ACTION ITEM: All that should come back is the lines of the data below from the one containing "by (simp add: y_def nonneg_vec_def" to the one containing "using feasible[OF zero_in_U_inst", inclusive, exactly as they stand.

.....

lemma z_Aff_inst_ge:
  assumes "m \<ge> 2"
  shows "ereal (sqrt m / 4) \<le> z_Aff m m (\<lambda>_ _. 0) (B_inst m) (\<lambda>_. 0) (\<lambda>_. 1) (U_inst m)"
  unfolding z_Aff_def
proof (rule INF_greatest, clarify)
  fix x P q
  define y where "y h = (\<lambda>j. mat_vec m P h j + q j)" for h
  define cost where "cost h = (\<Sum>j<m. y h j)" for h
  assume "nonneg_vec m x" and "\<forall>h\<in>U_inst m.
      (\<forall>i<m. h i \<le> mat_vec m (\<lambda>_ _. 0) x i + mat_vec m (B_inst m) (\<lambda>j. mat_vec m P h j + q j) i)
      \<and> nonneg_vec m (\<lambda>j. mat_vec m P h j + q j)"
  then have feasible: "\<And>h i. h \<in> U_inst m \<Longrightarrow> i < m \<Longrightarrow>
      h i \<le> mat_vec m (B_inst m) (y h) i \<and> 0 \<le> y h i"
    by (simp add: y_def nonneg_vec_def mat_vec_zero_matrix)
  have y_zero: "y (\<lambda>_. 0) = q"
    by (simp add: y_def mat_vec_zero_vec)
  define K where "K = (real m - 1) * sqrt m / m"
  have q_nonneg: "0 \<le> q j" if "j < m" for j
    using feasible[OF zero_in_U_inst that] by (simp add: y_zero)
  have nu_nonneg: "0 \<le> y (nu_vec m i) i" if "i < m" for i
    using feasible[OF nu_vec_in_U_inst[OF that] that] by simp
  have covers: "1 \<le> mat_vec m (B_inst m) (y (unit_vec j)) j" if "j < m" for j
    using feasible[OF unit_vec_in_U_inst[OF that] that] by (simp add: unit_vec_apply)
  have "(real m - 1) * sqrt m \<le> (\<Sum>i<m. cost (nu_vec m i)) + m * cost (\<lambda>_. 0)"
    using affine_policy_inst_cost_sum[where m = m and P = P and q = q] assms q_nonneg nu_nonneg covers
    by (simp add: cost_def y_def mat_vec_zero_vec)
  then have "(\<Sum>i<m. cost (nu_vec m i) + cost (\<lambda>_. 0)) \<ge> (real m - 1) * sqrt m"
    by (simp add: sum.distrib)
  then obtain i where i: "i < m" and "cost (nu_vec m i) + cost (\<lambda>_. 0) \<ge> K"
    using sum_bounded_above_strict[of "{..<m}" "\<lambda>i. cost (nu_vec m i) + cost (\<lambda>_. 0)" K] assms
    by (force simp: K_def not_le[symmetric])
  then have "cost (nu_vec m i) \<ge> K / 2 \<or> cost (\<lambda>_. 0) \<ge> K / 2"
    by linarith
  then obtain h where "h \<in> U_inst m" and "cost h \<ge> K / 2"
    using nu_vec_in_U_inst[OF i] zero_in_U_inst by blast
  moreover have "sqrt m / 4 \<le> K / 2"
    using assms by (simp add: K_def field_simps)
  ultimately have "ereal (sqrt m / 4) \<le> (SUP h\<in>U_inst m. ereal (cost h))"
    by (intro SUP_upper2) auto
  then show "ereal (sqrt m / 4) \<le> ereal (dotp m (\<lambda>_. 0) x) +
      (SUP h\<in>U_inst m. ereal (dotp m (\<lambda>_. 1) (\<lambda>j. mat_vec m P h j + q j)))"
    by (simp add: dotp_def cost_def y_def)
qed

theorem lemma5:
  shows "\<exists>C > 0. \<exists>m0::nat. \<forall>m::nat. m \<ge> m0 \<and> m > 0 \<longrightarrow>
    z_Aff m m (\<lambda>_ _. 0) (B_inst m) (\<lambda>_. 0) (\<lambda>_. 1) (U_inst m)
      \<ge> ereal (C * sqrt (real m)) * z_AR m m (\<lambda>_ _. 0) (B_inst m) (\<lambda>_. 0) (\<lambda>_. 1) (U_inst m)"
proof (intro exI[of _ "1/4"] conjI exI[of _ 2] allI impI)
  fix m :: nat
  assume "2 \<le> m \<and> 0 < m"
  have "ereal (1/4 * sqrt m) * z_AR m m (\<lambda>_ _. 0) (B_inst m) (\<lambda>_. 0) (\<lambda>_. 1) (U_inst m)
      \<le> ereal (1/4 * sqrt m) * 1"
    by (rule ereal_mult_left_mono[OF z_AR_inst_le_one]) simp
  also have "\<dots> \<le> z_Aff m m (\<lambda>_ _. 0) (B_inst m) (\<lambda>_. 0) (\<lambda>_. 1) (U_inst m)"
    using z_Aff_inst_ge \<open>2 \<le> m \<and> 0 < m\<close> by simp
  finally show "ereal (1/4 * sqrt m) * z_AR m m (\<lambda>_ _. 0) (B_inst m) (\<lambda>_. 0) (\<lambda>_. 1) (U_inst m)
      \<le> z_Aff m m (\<lambda>_ _. 0) (B_inst m) (\<lambda>_. 0) (\<lambda>_. 1) (U_inst m)" .
qed simp

end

.....

WRITTEN REPLY:
    by (simp add: y_def nonneg_vec_def mat_vec_zero_matrix)
  have y_zero: "y (\<lambda>_. 0) = q"
    by (simp add: y_def mat_vec_zero_vec)
  define K where "K = (real m - 1) * sqrt m / m"
  have q_nonneg: "0 \<le> q j" if "j < m" for j
    using feasible[OF zero_in_U_inst that] by (simp add: y_zero)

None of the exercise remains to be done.